But the spurned suitors said in a statement they have taken a series of steps "demonstrating their commitment to pursuing their superior proposal with NYSE Euronext and providing greater certainty to the NYSE Euronext Board."
A key measure is the addition of a $350-million "reverse break-up fee" which NYSE Euronext would receive if the proposal fails to win required antitrust or competition approvals.
The exchange operators also announced they had secured committed financing of $3.8 billion to fund the buyout.
Their bid values NYSE Euronext at $42.67 per share as of Monday's market close, they said, a 21 per cent premium over Deutsche Boerse's rival bid valued at $35.29 per share.
"The NASDAQ OMX/ICE proposal remains superior by a significant and inescapable margin," the companies said.
The proposed acquisition of markets in New York, Brussels, Paris, Amsterdam and Lisbon would keep Wall Street's fabled exchange under US ownership.
If the bid is successful, NYSE Euronext would be broken up, with its Liffe derivatives business going to ICE while NASDAQ OMX -- best known for trading the world's leading technology firms -- would take control of the stock markets in New York, Paris, Brussels, Amsterdam and Lisbon.
The bid is also a play to US nationalist sentiment, after the Deutsche Boerse move sparked complaints that the New York Stock Exchange, an icon of American capitalist might known to television viewers around the world for its hectic trading floor, would come under the control of foreigners.
"The combined company would incorporate the iconic NYSE name and floor and strengthen investor confidence in US equity markets, which have been shaken by fragmentation," NASDAQ OMX and ICE said.
"In addition, NYSE Euronext stockholders will benefit from the transaction?s cash component as well as a meaningful participation in a newly combined ICE/Liffe derivatives business that will preserve competition in the European Union."
Robert Greifeld, chief executive of NASDAQ OMX, said the moves should "eliminate any concerns that the NYSE Euronext Board has about engaging in discussions with us."
"It's time to allow a reasonable and expeditious diligence process to begin."

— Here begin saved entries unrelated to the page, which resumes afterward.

text \<open>Upper bound used for the first-moment estimate: each admitted child of weight x
  contributes at most a x + max 0 (1 - a x), and the admitted weights sum to at most s.\<close>
lemma wf_count_upper:
  fixes xs :: "real list"
  assumes nn: "\<forall>x\<in>set xs. 0 \<le> x" and s: "0 \<le> s" and a: "0 < a"
  shows "real (wf_count xs s) \<le> a * s + sum_list (map (\<lambda>x. max 0 (1 - a * x)) xs)"
proof (cases "wf_count xs s = 0")
  case True
  have "0 \<le> sum_list (map (\<lambda>x. max 0 (1 - a * x)) xs)" by (intro sum_list_nonneg) auto
  then show ?thesis using True s a by simp
next
  case False
  define k where "k = wf_count xs s"
  let ?f = "\<lambda>x. max 0 (1 - a * x)"
  let ?t = "take k (sort xs)"
  have "k \<le> length xs" and ks: "sum_list ?t \<le> s"
    using wf_count_ge_iff[OF nn, of k s] False k_def by auto
  then have "real k = sum_list (map (\<lambda>x. 1::real) ?t)" by (simp add: sum_list_triv)
  also have "\<dots> \<le> sum_list (map (\<lambda>x. a * x + ?f x) ?t)"
    by (intro sum_list_mono) auto
  also have "\<dots> = a * sum_list ?t + sum_list (map ?f ?t)"
    by (simp add: sum_list_addf sum_list_const_mult)
  also have "\<dots> \<le> a * s + sum_list (map ?f (sort xs))"
  proof -
    have "sum_list (map ?f (sort xs)) = sum_list (map ?f ?t) + sum_list (map ?f (drop k (sort xs)))"
      by (metis append_take_drop_id map_append sum_list_append)
    moreover have "0 \<le> sum_list (map ?f (drop k (sort xs)))" by (intro sum_list_nonneg) auto
    ultimately show ?thesis using ks a by (smt (verit) mult_left_mono)
  qed
  also have "sum_list (map ?f (sort xs)) = sum_list (map ?f xs)"
  proof -
    have "mset (map ?f (sort xs)) = mset (map ?f xs)" by simp
    then show ?thesis by (metis sum_mset_sum_list)
  qed
  finally show ?thesis unfolding k_def .
qed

NYSE Euronext acknowledged it had received the merger proposal which the board will review "in due course."
Deutsche Boerse declined to comment.
Deutsche Boerse and NYSE Euronext announced February 15 they would merge to create the world's biggest exchange by revenues and a major player in derivatives trading across two continents.
While both parties emphasized a merger of equals, the combined Netherlands-incorporated firm would be owned 60 per cent by existing Deutsche Boerse shareholders and 40 per cent by NYSE Euronext shareholders, and the German company would dominate the new board.